Son olarak, taramayı başlatmak için Başlat'a tıklayın. Elektroforezin ilerlemesi Turuncu G yükleme boyası ile görselleştirilebilirken, Bromofenol mavisi tarama sırasında tespit edilir ve bu nedenle görüntü analizine müdahale eder. Bağlanma reaksiyonuna dI-dC'nin eklenmesi, saflaştırılmış 6xHis-SOX-2'nin beş ana boya DNA probu ile bağlanmasını ortadan kaldırdı.
LIM-4 bağlanma bölgesinde mutasyona uğramış LIM-4 mutantı ve SOX-2 soğuk probu, 6xHis-SOX-2'ye bağlanmak için kızılötesi floresan boya etiketli prob ile rekabet etmede vahşi tip soğuk prob kadar verimlidir. Bununla birlikte, SOX-2 bağlanma bölgesinde mutasyona uğramış LIM-4 ve SOX-2 mutant soğuk probunun rekabet verimliliği, 6xHis-SOX-2'ye bağlanmak için vahşi tip soğuk probdan çok daha düşüktür. SOX-2 DNA kompleksinin 6xHis ve bayrak epitopları kullanılarak yapılan süper kayma testleri, süper kaymalı bir SOX-2 DNA bandı ile sonuçlandı.
Bir kez ustalaştıktan sonra, bu teknik düzgün bir şekilde yapılırsa iki ila dört saat içinde yapılabilir. Bu prosedürü denerken, kızılötesi probları karanlıkta tutmayı unutmamak önemlidir. Bu prosedürü takiben, belirli bir DNA bağlanma dizisinin önemi gibi ek soruları yanıtlamak için CRISPR cas9 genom düzenleme gibi diğer yöntemler gerçekleştirilebilir.

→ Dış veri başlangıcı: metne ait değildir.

lemma argmin_add_sq_dist_subgradient:
  assumes m: "argmin_on Q (\<lambda>x. d x + K * (norm (x - w))\<^sup>2) m"
  shows "- (2 * K) *\<^sub>R (m - w) \<in> subdiff_on Q d m"
  unfolding subdiff_on_def
proof safe
  fix y assume y: "y \<in> Q"
  have mQ: "m \<in> Q" using m by (simp add: argmin_on_def)
  show "d m + - (2 * K) *\<^sub>R (m - w) \<bullet> (y - m) \<le> d y"
  proof (rule le_of_le_add_small_multiples[where C = "K * (norm (y - m))\<^sup>2"])
    fix t :: real assume t: "0 < t" "t \<le> 1"
    define p where "p = (1 - t) *\<^sub>R m + t *\<^sub>R y"
    have "p \<in> Q" unfolding p_def using mQ y t by (intro convexD[OF convex]) auto
    then have min: "d m + K * (norm (m - w))\<^sup>2 \<le> d p + K * (norm (p - w))\<^sup>2"
      using m by (simp add: argmin_on_def)
    have convex_d: "d p \<le> (1 - t) * d m + t * d y"
      unfolding p_def using t mQ y
      by (intro convex_onD[OF strongly_convex_1_imp_convex_on[OF convex strongly_convex]]) auto
    have pw: "p - w = (m - w) + t *\<^sub>R (y - m)" by (simp add: p_def algebra_simps)
    have expand: "(norm (p - w))\<^sup>2
        = (norm (m - w))\<^sup>2 + 2 * t * ((m - w) \<bullet> (y - m)) + t\<^sup>2 * (norm (y - m))\<^sup>2"
      unfolding pw power2_norm_eq_inner
      by (simp add: inner_add_left inner_add_right inner_commute algebra_simps power2_eq_square)
    with min[unfolded expand] convex_d have "d m + K * (norm (m - w))\<^sup>2 \<le> (1 - t) * d m + t * d y
        + K * ((norm (m - w))\<^sup>2 + 2 * t * ((m - w) \<bullet> (y - m)) + t\<^sup>2 * (norm (y - m))\<^sup>2)"
      by linarith
    then have "t * d m \<le> t * (d y + 2 * K * ((m - w) \<bullet> (y - m)) + t * (K * (norm (y - m))\<^sup>2))"
      by (simp add: algebra_simps power2_eq_square)
    then show "d m + - (2 * K) *\<^sub>R (m - w) \<bullet> (y - m) \<le> d y + t * (K * (norm (y - m))\<^sup>2)"
      using t by simp
  qed
qed

lemma dom_subdiff_dense:
  assumes w: "w \<in> Q" and e: "e > 0"
  obtains m where "m \<in> dom_subdiff Q d" "norm (m - w) < e"
proof -
  define K where "K = (d w + 1) / e\<^sup>2"
  have K: "K > 0" using nonneg[OF w] e by (simp add: K_def)
  obtain m where m: "argmin_on Q (\<lambda>x. d x + K * (norm (x - w))\<^sup>2) m"
    using exists_argmin_add_sq_dist[OF w K] .
  have "K * (norm (m - w))\<^sup>2 \<le> d w" \<comment> \<open>compare with the value at \<open>w\<close>, using \<open>d m \<ge> 0\<close>\<close>
    using m w nonneg[of m] by (force simp: argmin_on_def)
  also have "d w < K * e\<^sup>2" using e by (simp add: K_def)
  finally have "norm (m - w) < e" using K e by (simp add: power_less_imp_less_base)
  moreover have "m \<in> dom_subdiff Q d"
    using argmin_add_sq_dist_subgradient[OF m] m by (auto simp: dom_subdiff_def argmin_on_def)
  ultimately show ?thesis using that by blast
qed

Bu teknik, geliştirilmesinden sonra biyokimya alanındaki araştırmacıların çeşitli model organizmalarda protein-DNA etkileşimlerini keşfetmelerinin önünü açtı. Bu videoyu izledikten sonra, radyoaktif olmayan DNA etiketlerini kullanarak protein-DNA etkileşimlerinin nasıl belirleneceğini iyi anlamış olmalısınız. Akrilamid ile çalışmanın son derece tehlikeli olabileceğini ve bu işlemi gerçekleştirirken her zaman kişisel koruyucu ekipman gibi önlemlerin alınması gerektiğini unutmayın.
View the full transcript and gain access to thousands of scientific videos
Bu makale, saflaştırılmış SOX-2 proteinleri ve kızılötesi floresan boya etiketli DNA problarını kullanarak optimize edilmiş bir floresan Elektroforetik Mobilite Kayması Analizi (fEMSA) protokolü sunar. Yöntem, radyoaktif malzemeler kullanmadan protein-DNA etkileşimlerini tespit etmeyi amaçlamaktadır ve daha güvenli ve verimli bir alternatif sağlamaktadır.